Here, it's pretty clear why multiplier \lambda works as a constraint force in the EoM. The neat thing about it is that even if you are using generalized coordinates, where trying to think about generalized forces might be a bit tricky, \lambda will continue to work as a generalized constraint force without you having to do any extra work.

Finally, if you solve the above keeping the constraint equation in mind, you should get exactly the same motion you'd get if you solved the problem using the substitution method.

 

[LFCFAN]

You can solve this particular constrained problem by substitution y -> sin(x), yes. However, that's not the general way of working with constrained motion. Substitution is not always trivial. Instead, one may define the equation of constraint.

f(x, y) = y - sin(x) = 0

In general, constraint can be any constant function. In this case, y - sin(x) is the obvious choice.

With constraints included, your Lagrangian picks up an extra parameter - Undetermined Lagrange Multiplier. It is customary for undetermined multiplier to be denoted as \lambda.

\mathcal{L}(x, y, \lambda) = T - V - \lambda f(x)

If you have multiple constraints, you can have multiple functions f_i(x, y, ...), each associated with its own multiplier \lambda_i. From here on, the necessary conditions for finding solution are exactly the same. So let's consider your kinetic and potential terms.

\mathcal{L} = \frac{1}{2}m\dot{x}^2 + \frac{1}{2}m\dot{y}^2 - mg~sin(x) - \lambda \left(y - sin(x)\right)

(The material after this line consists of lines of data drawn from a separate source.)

lemma Phi_pos_ge_tangent:
  "Phi_pos c \<gamma> x + Phi_slope c \<gamma> x * (u - x) \<le> Phi_pos c \<gamma> u" if "c \<noteq> 0"
  using linear_plus_pos_part_sq_tangent_bounds(1)[of "1 / (2 * c^2)" "\<gamma> * (1 + c) / (1 + c^2)" x
      "\<gamma>^2 * (c - 1)^2 / (2 * (c^2 + 1)^2)" "kink c \<gamma>" u]
  unfolding Phi_pos_eq_pos_part[OF that] Phi_slope_eq_pos_part[OF that] by simp

lemma Phi_pos_le_tangent_add_sq:
  "Phi_pos c \<gamma> u \<le> Phi_pos c \<gamma> x + Phi_slope c \<gamma> x * (u - x) + (u - x)^2 / (2 * c^2)"
  if "c \<noteq> 0"
  using linear_plus_pos_part_sq_tangent_bounds(2)[of "1 / (2 * c^2)" "\<gamma> * (1 + c) / (1 + c^2)" u
      "\<gamma>^2 * (c - 1)^2 / (2 * (c^2 + 1)^2)" "kink c \<gamma>" x]
  unfolding Phi_pos_eq_pos_part[OF that] Phi_slope_eq_pos_part[OF that] by simp

lemma Phi_eq_Phi_pos_abs: "Phi c \<gamma> u = Phi_pos c \<gamma> \<bar>u\<bar>"
  unfolding Phi_def by simp

lemma Phi_minus: "Phi c \<gamma> (- u) = Phi c \<gamma> u"
  unfolding Phi_eq_Phi_pos_abs by simp

lemma Phi_slope_0: "Phi_slope c \<gamma> 0 = \<gamma> / c" if "c \<ge> 1" "\<gamma> \<ge> 0"
  using kink_nonneg[OF that] unfolding Phi_slope_def by simp

lemma Phi_slope_ge: "\<gamma> / c \<le> Phi_slope c \<gamma> x" if "c \<ge> 1" "\<gamma> \<ge> 0" "x \<ge> 0"
proof -
  have "0 \<le> kink c \<gamma> / c^2" using kink_nonneg[OF that(1,2)] by simp
  then show ?thesis using inner_slope_at_kink[of c \<gamma>] that unfolding Phi_slope_def by auto
qed

lemma Phi_ge_tangent_abs:
  "Phi c \<gamma> x + Phi_slope c \<gamma> x * (\<bar>u\<bar> - x) \<le> Phi c \<gamma> u" if "c \<ge> 1" "x \<ge> 0"
  using Phi_pos_ge_tangent[of c \<gamma> x "\<bar>u\<bar>"] that unfolding Phi_eq_Phi_pos_abs by simp

lemma Phi_le_tangent_add_sq:
  "Phi c \<gamma> (x + t) \<le> Phi c \<gamma> x + Phi_slope c \<gamma> x * t + t^2 / (2 * c^2)"
  if "c \<ge> 1" "x \<ge> 0" "x + t \<ge> 0"
  using Phi_pos_le_tangent_add_sq[of c \<gamma> "x + t" x] that unfolding Phi_eq_Phi_pos_abs by simp

lemma subdiff_Phi_of_pos:
  assumes "c \<ge> 1" "\<gamma> \<ge> 0" "x > 0"
  shows "subdiff (Phi c \<gamma>) x = {Phi_slope c \<gamma> x}"
proof (intro subset_antisym subsetI)
  fix y assume y: "y \<in> subdiff (Phi c \<gamma>) x"
  have upper:
    "Phi c \<gamma> (x + t) \<le> Phi c \<gamma> x + Phi_slope c \<gamma> x * t + 1 / (2 * c^2) * t^2" if "t > - x" for t
    using Phi_le_tangent_add_sq[of c x t \<gamma>] assms that by simp
  have "y \<le> Phi_slope c \<gamma> x"
    by (rule subgradient_le_of_upper_bound[OF y \<open>x > 0\<close> upper]) simp
  moreover have "Phi_slope c \<gamma> x \<le> y"
  proof (rule subgradient_ge_of_upper_bound[OF y \<open>x > 0\<close>])
    fix t assume "0 < t" "t < x"
    then show "Phi c \<gamma> (x - t) \<le> Phi c \<gamma> x - Phi_slope c \<gamma> x * t + 1 / (2 * c^2) * t^2"
      using upper[of "- t"] by simp
  qed
  ultimately show "y \<in> {Phi_slope c \<gamma> x}" by simp
next
  fix y assume "y \<in> {Phi_slope c \<gamma> x}"
  then have y: "y = Phi_slope c \<gamma> x" by simp
  have "y * (u - x) \<le> Phi c \<gamma> u - Phi c \<gamma> x" for u
  proof -
    have "y * (u - x) \<le> y * (\<bar>u\<bar> - x)"
      unfolding y using order_trans[OF _ Phi_slope_ge[of c \<gamma> x]] assms
      by (intro mult_left_mono) simp_all
    also have "\<dots> \<le> Phi c \<gamma> u - Phi c \<gamma> x"
      unfolding y using Phi_ge_tangent_abs[of c x \<gamma> u] assms by simp
    finally show ?thesis .
  qed
  then show "y \<in> subdiff (Phi c \<gamma>) x" unfolding subdiff_def by simp
qed

lemma subdiff_Phi_0:
  assumes "c \<ge> 1" "\<gamma> \<ge> 0"
  shows "subdiff (Phi c \<gamma>) 0 = {- \<gamma> / c .. \<gamma> / c}"
proof (intro subset_antisym subsetI)
  have upper: "Phi c \<gamma> t \<le> Phi c \<gamma> 0 + \<gamma> / c * t + 1 / (2 * c^2) * t^2"
    if "t \<ge> 0" for t
    using Phi_le_tangent_add_sq[of c 0 t \<gamma>] Phi_slope_0[OF assms] assms that by simp
  fix y assume y: "y \<in> subdiff (Phi c \<gamma>) 0"
  have "y \<le> \<gamma> / c"
  proof (rule subgradient_le_of_upper_bound[OF y zero_less_one])
    fix t :: real assume "0 < t"
    then show "Phi c \<gamma> (0 + t) \<le> Phi c \<gamma> 0 + \<gamma> / c * t + 1 / (2 * c^2) * t^2"
      using upper[of t] by simp
  qed
  moreover have "- \<gamma> / c \<le> y"
  proof (rule subgradient_ge_of_upper_bound[OF y zero_less_one])
    fix t :: real assume "0 < t"
    then show "Phi c \<gamma> (0 - t) \<le> Phi c \<gamma> 0 - - \<gamma> / c * t + 1 / (2 * c^2) * t^2"
      using upper[of t] Phi_minus[of c \<gamma> t] by simp
  qed
  ultimately show "y \<in> {- \<gamma> / c .. \<gamma> / c}" by simp
next
  fix y assume "y \<in> {- \<gamma> / c .. \<gamma> / c}"
  then have y: "\<bar>y\<bar> \<le> \<gamma> / c" by auto
  have "y * (u - 0) \<le> Phi c \<gamma> u - Phi c \<gamma> 0" for u
  proof -
    have "y * u \<le> \<bar>y\<bar> * \<bar>u\<bar>" unfolding abs_mult[symmetric] by (rule abs_ge_self)
    also have "\<dots> \<le> \<gamma> / c * \<bar>u\<bar>" by (rule mult_right_mono[OF y abs_ge_zero])
    also have "\<dots> \<le> Phi c \<gamma> u - Phi c \<gamma> 0"
      using Phi_ge_tangent_abs[of c 0 \<gamma> u] Phi_slope_0[OF assms] assms by simp
    finally show ?thesis by simp
  qed
  then show "y \<in> subdiff (Phi c \<gamma>) 0" unfolding subdiff_def by simp
qed

lemma shrink_map_add_Phi_slope: "shrink_map c \<gamma> (x + Phi_slope c \<gamma> x) = x"
  if "c \<ge> 1" "\<gamma> \<ge> 0" "x \<ge> 0"
proof -
  have "c > 0" "1 + c^2 > 0" using that by (simp_all add: add_pos_nonneg)
  show ?thesis
  proof (cases "x \<le> kink c \<gamma>")
    case True
    define z where "z = x + \<gamma> / c + x / c^2"
    have "x + x / c^2 \<le> kink c \<gamma> + kink c \<gamma> / c^2"
      using True by (intro add_mono divide_right_mono) simp_all
    then have "z \<le> \<gamma>"
      using inner_slope_at_kink[of c \<gamma>] kink_add_outer_slope[of c \<gamma>] that
      unfolding z_def by simp
    moreover have "0 \<le> z" using that unfolding z_def by simp
    moreover have "c * z = \<gamma> + (c * x + x / c)"
      using \<open>c > 0\<close> unfolding z_def by (simp add: field_simps power2_eq_square)
    ultimately have "shrink_map c \<gamma> z = c * (c * x + x / c) / (1 + c^2)"
      using that unfolding shrink_map_eq by (simp add: soft_eq_0 soft_eq_diff)
    also have "\<dots> = x * (1 + c^2) / (1 + c^2)"
      using \<open>c > 0\<close> by (simp add: algebra_simps power2_eq_square)
    also have "\<dots> = x" using \<open>1 + c^2 > 0\<close> by simp
    finally show ?thesis using True unfolding z_def Phi_slope_def by (simp add: add.assoc)
  next
    case False
    define z where "z = x + \<gamma> * (1 + c) / (1 + c^2)"
    have "\<gamma> < z" using False kink_add_outer_slope[of c \<gamma>] unfolding z_def by simp
    moreover have "z \<le> c * z" using \<open>\<gamma> < z\<close> that mult_right_mono[of 1 c z] by simp
    ultimately have "shrink_map c \<gamma> z = ((1 + c^2) * z - \<gamma> * (1 + c)) / (1 + c^2)"
      unfolding shrink_map_eq by (simp add: soft_eq_diff algebra_simps power2_eq_square)
    moreover have "(1 + c^2) * z
        = (1 + c^2) * x + (1 + c^2) * (\<gamma> * (1 + c) / (1 + c^2))"
      unfolding z_def by (rule distrib_left)
    moreover have "(1 + c^2) * (\<gamma> * (1 + c) / (1 + c^2)) = \<gamma> * (1 + c)"
      using \<open>1 + c^2 > 0\<close> by simp
    ultimately have "shrink_map c \<gamma> z = x" using \<open>1 + c^2 > 0\<close> by simp
    then show ?thesis using False unfolding z_def Phi_slope_def by simp
  qed
qed

lemma H_of_pos:
  assumes "c \<ge> 1" "\<gamma> \<ge> 0" "x > 0"
  shows "H c \<gamma> x = {Phi_slope c \<gamma> x}"
proof -
  have slope: "shrink_map c \<gamma> (x + Phi_slope c \<gamma> x) = x"
    using shrink_map_add_Phi_slope assms by simp
  have slope_dom: "x + Phi_slope c \<gamma> x \<in> {\<gamma> / c..}"
    using Phi_slope_ge[of c \<gamma> x] assms by simp
  have inj: "strict_mono_on {\<gamma> / c..} (shrink_map c \<gamma>)"
    using strict_mono_on_shrink_map assms by simp
  have "y = Phi_slope c \<gamma> x" if y: "shrink_map c \<gamma> (x + y) = x" for y
  proof -
    have "x + y \<in> {\<gamma> / c..}"
    proof (rule ccontr)
      assume "x + y \<notin> {\<gamma> / c..}"
      then have "shrink_map c \<gamma> (x + y) \<le> shrink_map c \<gamma> (\<gamma> / c)"
        using assms by (intro monoD[OF mono_shrink_map]) simp_all
      also have "\<dots> = 0" using shrink_map_eq_0_iff[of c \<gamma>] assms by simp
      finally show False using y \<open>x > 0\<close> by simp
    qed
    from strict_mono_on_eqD[OF inj _ slope_dom this] y slope
    have "x + y = x + Phi_slope c \<gamma> x" by simp
    then show ?thesis by simp
  qed
  then show ?thesis unfolding H_eq_shrink_map using slope by blast
qed

lemma H_0: "H c \<gamma> 0 = {- \<gamma> / c .. \<gamma> / c}" if "c \<ge> 1" "\<gamma> \<ge> 0"
  unfolding H_eq_shrink_map shrink_map_eq_0_iff[OF that] by (auto simp: abs_le_iff)

lemma H_minus: "H c \<gamma> (- x) = uminus ` H c \<gamma> x" if "\<gamma> \<ge> 0"
proof -
  have "shrink_map c \<gamma> (- x + y) = - x \<longleftrightarrow> shrink_map c \<gamma> (x + - y) = x" for y
    using shrink_map_minus[OF that, of c "x + - y"] by auto
  then show ?thesis unfolding H_eq_shrink_map uminus_image_eq by simp
qed

lemma H_eq_subdiff_Phi: "H c \<gamma> x = subdiff (Phi c \<gamma>) x" if "c \<ge> 1" "\<gamma> \<ge> 0"
proof (cases x "0 :: real" rule: linorder_cases)
  case less
  have "H c \<gamma> x = uminus ` H c \<gamma> (- x)"
    using H_minus[OF that(2), of c "- x"] by simp
  also have "\<dots> = uminus ` subdiff (Phi c \<gamma>) (- x)"
    using H_of_pos subdiff_Phi_of_pos that less by simp
  also have "\<dots> = subdiff (Phi c \<gamma>) x"
    using subdiff_reflect[of "Phi c \<gamma>" x] by (simp add: Phi_minus)
  finally show ?thesis .
qed (use H_0 subdiff_Phi_0 H_of_pos subdiff_Phi_of_pos that in simp_all)

theorem lemma2p1:
  fixes c \<gamma> :: real
  assumes "c \<ge> 1" and "\<gamma> > 0"
  shows "(\<forall>x\<ge>0. H c \<gamma> x =
            (if x = 0 then {- \<gamma> / c .. \<gamma> / c}
             else if x \<le> \<gamma> * (c - 1) * c / (c^2 + 1) then {\<gamma> / c + x / c^2}
             else {\<gamma> * (1 + c) / (1 + c^2)}))
       \<and> (\<forall>x<0. H c \<gamma> x = uminus ` H c \<gamma> (- x))
       \<and> (\<forall>x. Phi c \<gamma> (- x) = Phi c \<gamma> x)
       \<and> (\<forall>x. H c \<gamma> x = subdiff (Phi c \<gamma>) x)"
proof -
  have c: "c \<ge> 1" and \<gamma>: "\<gamma> \<ge> 0" using assms by simp_all
  have "H c \<gamma> x =
          (if x = 0 then {- \<gamma> / c .. \<gamma> / c}
           else if x \<le> \<gamma> * (c - 1) * c / (c^2 + 1) then {\<gamma> / c + x / c^2}
           else {\<gamma> * (1 + c) / (1 + c^2)})" if "x \<ge> 0" for x
  proof -
    from that consider "x = 0" | "x > 0" by linarith
    then show ?thesis
      by cases (simp_all add: H_0[OF c \<gamma>] H_of_pos[OF c \<gamma>] Phi_slope_def kink_def)
  qed
  moreover have "H c \<gamma> x = uminus ` H c \<gamma> (- x)" for x
    using H_minus[OF \<gamma>, of c "- x"] by simp
  ultimately show ?thesis using Phi_minus H_eq_subdiff_Phi[OF c \<gamma>] by blast
qed

end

\frac{\partial \mathcal{L}}{\partial x} - \frac{d}{dt}\frac{\partial \mathcal{L}}{\partial \dot{x}} = -mg~cos(x) + \lambda~cos(x) - m\ddot{x} = 0
\frac{\partial \mathcal{L}}{\partial y} - \frac{d}{dt}\frac{\partial \mathcal{L}}{\partial \dot{y}} = - \lambda y - m\ddot{y} = 0

Or if we rearrange it into a bit more sightly form, we have the equations of motion.

m\ddot{x} = (\lambda - mg)cos(x)
m\ddot{y} = -\lambda

Here, it's pretty clear why multiplier \lambda works as a constraint force in the EoM. The neat thing about it is that even if you are using generalized coordinates, where trying to think about generalized forces might be a bit tricky, \lambda will continue to work as a generalized constraint force without you having to do any extra work.

Finally, if you solve the above keeping the constraint equation in mind, you should get exactly the same motion you'd get if you solved the problem using the substitution method.

Thanks a lot man.

But what I've done is correct, right? Literally can go on to find equations of motion with my lagrangian?

 

[dipole]

No you should not just substitute a constraint into your Lagrangian. Look again at how the Euler-Lagrange equations were derived, they were derived under the assuming that x,y,\dot{x},\dot{y} are independent .

Sometimes what you have done will work, but that's just an accident. In general it's incorrect and there's no guarantee the resulting equations of motion will be correct. What you should do, is either use the method of Lagrange multiplies like described above, or write down the Lagrangian without worrying about the constraint, and then apply it once you have the equations of motion.